Write out only the opening lines of the entries, through the line with "other point to".

Stored data entries
*** Begin section ***

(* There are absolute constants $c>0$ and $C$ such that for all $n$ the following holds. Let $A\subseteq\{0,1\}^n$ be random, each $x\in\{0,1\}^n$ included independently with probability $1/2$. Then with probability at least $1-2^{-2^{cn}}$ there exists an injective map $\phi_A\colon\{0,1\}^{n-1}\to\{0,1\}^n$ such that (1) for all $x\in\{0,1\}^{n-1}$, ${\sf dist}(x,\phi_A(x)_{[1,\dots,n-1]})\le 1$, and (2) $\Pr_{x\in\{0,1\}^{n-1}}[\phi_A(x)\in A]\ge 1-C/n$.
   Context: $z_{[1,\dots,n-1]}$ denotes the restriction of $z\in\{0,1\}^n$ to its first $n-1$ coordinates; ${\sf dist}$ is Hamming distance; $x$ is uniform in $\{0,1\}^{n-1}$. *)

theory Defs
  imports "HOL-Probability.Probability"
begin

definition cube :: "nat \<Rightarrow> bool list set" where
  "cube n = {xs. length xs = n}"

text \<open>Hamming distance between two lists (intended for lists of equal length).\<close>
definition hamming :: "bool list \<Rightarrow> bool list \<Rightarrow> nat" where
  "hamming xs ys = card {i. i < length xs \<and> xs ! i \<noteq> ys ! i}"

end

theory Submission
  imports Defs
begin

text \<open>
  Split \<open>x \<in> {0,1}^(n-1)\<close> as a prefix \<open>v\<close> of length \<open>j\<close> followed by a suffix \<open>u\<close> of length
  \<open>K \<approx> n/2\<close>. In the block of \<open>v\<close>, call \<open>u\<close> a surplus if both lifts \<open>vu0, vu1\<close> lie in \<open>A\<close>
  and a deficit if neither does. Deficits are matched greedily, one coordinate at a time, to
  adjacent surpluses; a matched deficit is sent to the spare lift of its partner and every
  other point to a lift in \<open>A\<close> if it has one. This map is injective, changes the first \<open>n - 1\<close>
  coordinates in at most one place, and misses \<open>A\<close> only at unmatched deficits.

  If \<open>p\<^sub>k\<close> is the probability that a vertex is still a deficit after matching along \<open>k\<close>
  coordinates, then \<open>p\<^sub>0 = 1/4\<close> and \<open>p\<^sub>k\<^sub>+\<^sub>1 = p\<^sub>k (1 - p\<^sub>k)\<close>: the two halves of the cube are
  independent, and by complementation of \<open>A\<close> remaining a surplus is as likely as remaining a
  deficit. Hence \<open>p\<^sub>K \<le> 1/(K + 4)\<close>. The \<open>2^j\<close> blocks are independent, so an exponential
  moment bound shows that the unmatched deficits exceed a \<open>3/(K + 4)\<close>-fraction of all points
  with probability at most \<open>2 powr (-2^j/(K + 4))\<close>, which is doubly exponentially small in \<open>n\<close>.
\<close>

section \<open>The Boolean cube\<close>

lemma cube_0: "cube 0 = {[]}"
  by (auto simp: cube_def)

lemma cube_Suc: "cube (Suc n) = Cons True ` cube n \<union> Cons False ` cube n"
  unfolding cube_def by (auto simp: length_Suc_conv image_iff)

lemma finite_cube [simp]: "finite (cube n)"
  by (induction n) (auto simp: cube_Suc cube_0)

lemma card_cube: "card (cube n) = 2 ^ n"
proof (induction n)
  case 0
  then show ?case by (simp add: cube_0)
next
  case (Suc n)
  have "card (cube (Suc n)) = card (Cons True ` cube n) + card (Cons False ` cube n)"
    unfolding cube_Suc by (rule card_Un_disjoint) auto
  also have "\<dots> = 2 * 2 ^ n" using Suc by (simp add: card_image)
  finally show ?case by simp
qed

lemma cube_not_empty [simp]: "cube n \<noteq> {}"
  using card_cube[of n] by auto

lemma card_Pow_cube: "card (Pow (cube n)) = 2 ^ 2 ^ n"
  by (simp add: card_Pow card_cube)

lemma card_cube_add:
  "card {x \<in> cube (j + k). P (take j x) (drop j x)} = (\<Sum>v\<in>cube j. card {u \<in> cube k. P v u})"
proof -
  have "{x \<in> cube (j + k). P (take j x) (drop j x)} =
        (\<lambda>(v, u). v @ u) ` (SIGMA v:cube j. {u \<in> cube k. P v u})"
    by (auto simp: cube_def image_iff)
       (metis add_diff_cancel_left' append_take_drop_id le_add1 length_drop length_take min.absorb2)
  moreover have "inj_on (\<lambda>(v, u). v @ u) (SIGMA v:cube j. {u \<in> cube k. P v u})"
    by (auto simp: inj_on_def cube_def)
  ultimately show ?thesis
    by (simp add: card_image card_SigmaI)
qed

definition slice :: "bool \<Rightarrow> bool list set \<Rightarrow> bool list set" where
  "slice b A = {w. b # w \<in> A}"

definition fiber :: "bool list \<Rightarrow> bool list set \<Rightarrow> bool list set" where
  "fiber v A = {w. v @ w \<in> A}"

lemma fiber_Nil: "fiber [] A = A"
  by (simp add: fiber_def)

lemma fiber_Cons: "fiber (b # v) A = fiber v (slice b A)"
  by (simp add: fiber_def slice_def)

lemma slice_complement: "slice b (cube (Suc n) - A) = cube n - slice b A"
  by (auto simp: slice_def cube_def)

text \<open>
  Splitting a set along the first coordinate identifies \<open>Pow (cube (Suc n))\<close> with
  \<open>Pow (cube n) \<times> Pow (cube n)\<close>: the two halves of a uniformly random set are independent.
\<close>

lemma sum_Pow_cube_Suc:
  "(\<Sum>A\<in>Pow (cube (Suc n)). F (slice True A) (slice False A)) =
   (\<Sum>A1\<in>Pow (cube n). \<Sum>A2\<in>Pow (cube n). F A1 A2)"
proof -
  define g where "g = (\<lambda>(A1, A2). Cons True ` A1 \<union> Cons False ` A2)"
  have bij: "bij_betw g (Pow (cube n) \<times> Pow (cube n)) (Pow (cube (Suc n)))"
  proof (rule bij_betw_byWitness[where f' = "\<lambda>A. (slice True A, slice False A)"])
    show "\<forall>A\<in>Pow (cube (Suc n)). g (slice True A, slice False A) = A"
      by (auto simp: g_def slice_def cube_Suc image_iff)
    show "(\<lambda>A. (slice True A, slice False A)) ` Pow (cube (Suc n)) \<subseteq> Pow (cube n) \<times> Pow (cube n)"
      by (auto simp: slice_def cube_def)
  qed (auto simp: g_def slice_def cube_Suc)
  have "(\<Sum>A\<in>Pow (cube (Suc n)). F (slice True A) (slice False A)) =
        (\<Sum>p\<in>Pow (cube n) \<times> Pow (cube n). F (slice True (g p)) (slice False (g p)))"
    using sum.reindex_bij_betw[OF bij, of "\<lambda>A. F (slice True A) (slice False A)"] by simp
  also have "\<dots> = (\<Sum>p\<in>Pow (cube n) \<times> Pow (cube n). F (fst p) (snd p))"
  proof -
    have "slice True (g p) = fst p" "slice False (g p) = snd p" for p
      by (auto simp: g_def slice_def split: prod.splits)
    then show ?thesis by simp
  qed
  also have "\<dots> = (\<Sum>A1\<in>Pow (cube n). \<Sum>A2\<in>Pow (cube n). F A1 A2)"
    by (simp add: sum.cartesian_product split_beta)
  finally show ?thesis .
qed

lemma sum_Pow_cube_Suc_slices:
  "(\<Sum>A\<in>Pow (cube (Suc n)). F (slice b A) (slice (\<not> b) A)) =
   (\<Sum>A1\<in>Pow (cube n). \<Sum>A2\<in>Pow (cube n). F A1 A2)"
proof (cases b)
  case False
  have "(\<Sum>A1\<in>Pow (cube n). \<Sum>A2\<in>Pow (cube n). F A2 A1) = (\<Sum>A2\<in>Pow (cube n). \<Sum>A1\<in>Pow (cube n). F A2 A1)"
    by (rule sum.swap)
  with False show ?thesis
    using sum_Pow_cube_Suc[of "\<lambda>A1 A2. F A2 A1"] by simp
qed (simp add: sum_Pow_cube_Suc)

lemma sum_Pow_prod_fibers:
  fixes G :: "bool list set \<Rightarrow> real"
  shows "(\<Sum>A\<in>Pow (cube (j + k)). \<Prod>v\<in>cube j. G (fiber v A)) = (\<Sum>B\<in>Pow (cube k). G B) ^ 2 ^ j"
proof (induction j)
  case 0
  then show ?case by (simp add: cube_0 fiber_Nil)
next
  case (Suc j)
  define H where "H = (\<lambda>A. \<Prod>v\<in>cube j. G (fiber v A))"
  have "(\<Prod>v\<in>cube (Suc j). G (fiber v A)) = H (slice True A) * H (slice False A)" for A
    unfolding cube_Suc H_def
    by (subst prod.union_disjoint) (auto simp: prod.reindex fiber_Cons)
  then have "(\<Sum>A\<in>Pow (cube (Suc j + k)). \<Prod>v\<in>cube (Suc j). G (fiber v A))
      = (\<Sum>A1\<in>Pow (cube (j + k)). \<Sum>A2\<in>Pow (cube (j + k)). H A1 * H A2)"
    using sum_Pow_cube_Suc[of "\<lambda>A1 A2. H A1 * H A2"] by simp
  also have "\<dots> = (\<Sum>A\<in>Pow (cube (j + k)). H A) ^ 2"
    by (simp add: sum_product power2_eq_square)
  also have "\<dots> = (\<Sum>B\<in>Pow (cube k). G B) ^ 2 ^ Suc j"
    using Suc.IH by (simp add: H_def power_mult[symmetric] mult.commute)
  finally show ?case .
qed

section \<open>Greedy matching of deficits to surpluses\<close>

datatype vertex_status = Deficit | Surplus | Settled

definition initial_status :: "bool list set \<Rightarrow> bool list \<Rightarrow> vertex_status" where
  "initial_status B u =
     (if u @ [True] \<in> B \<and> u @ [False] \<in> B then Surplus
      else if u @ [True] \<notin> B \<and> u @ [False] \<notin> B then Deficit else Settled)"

*** End section ***

▶ **Response to this exercise**
(* There are absolute constants $c>0$ and $C$ such that for all $n$ the following holds. Let $A\subseteq\{0,1\}^n$ be random, each $x\in\{0,1\}^n$ included independently with probability $1/2$. Then with probability at least $1-2^{-2^{cn}}$ there exists an injective map $\phi_A\colon\{0,1\}^{n-1}\to\{0,1\}^n$ such that (1) for all $x\in\{0,1\}^{n-1}$, ${\sf dist}(x,\phi_A(x)_{[1,\dots,n-1]})\le 1$, and (2) $\Pr_{x\in\{0,1\}^{n-1}}[\phi_A(x)\in A]\ge 1-C/n$.
   Context: $z_{[1,\dots,n-1]}$ denotes the restriction of $z\in\{0,1\}^n$ to its first $n-1$ coordinates; ${\sf dist}$ is Hamming distance; $x$ is uniform in $\{0,1\}^{n-1}$. *)

theory Defs
  imports "HOL-Probability.Probability"
begin

definition cube :: "nat \<Rightarrow> bool list set" where
  "cube n = {xs. length xs = n}"

text \<open>Hamming distance between two lists (intended for lists of equal length).\<close>
definition hamming :: "bool list \<Rightarrow> bool list \<Rightarrow> nat" where
  "hamming xs ys = card {i. i < length xs \<and> xs ! i \<noteq> ys ! i}"

end

theory Submission
  imports Defs
begin

text \<open>
  Split \<open>x \<in> {0,1}^(n-1)\<close> as a prefix \<open>v\<close> of length \<open>j\<close> followed by a suffix \<open>u\<close> of length
  \<open>K \<approx> n/2\<close>. In the block of \<open>v\<close>, call \<open>u\<close> a surplus if both lifts \<open>vu0, vu1\<close> lie in \<open>A\<close>
  and a deficit if neither does. Deficits are matched greedily, one coordinate at a time, to
  adjacent surpluses; a matched deficit is sent to the spare lift of its partner and every
  other point to a lift in \<open>A\<close> if it has one. This map is injective, changes the first \<open>n - 1\<close>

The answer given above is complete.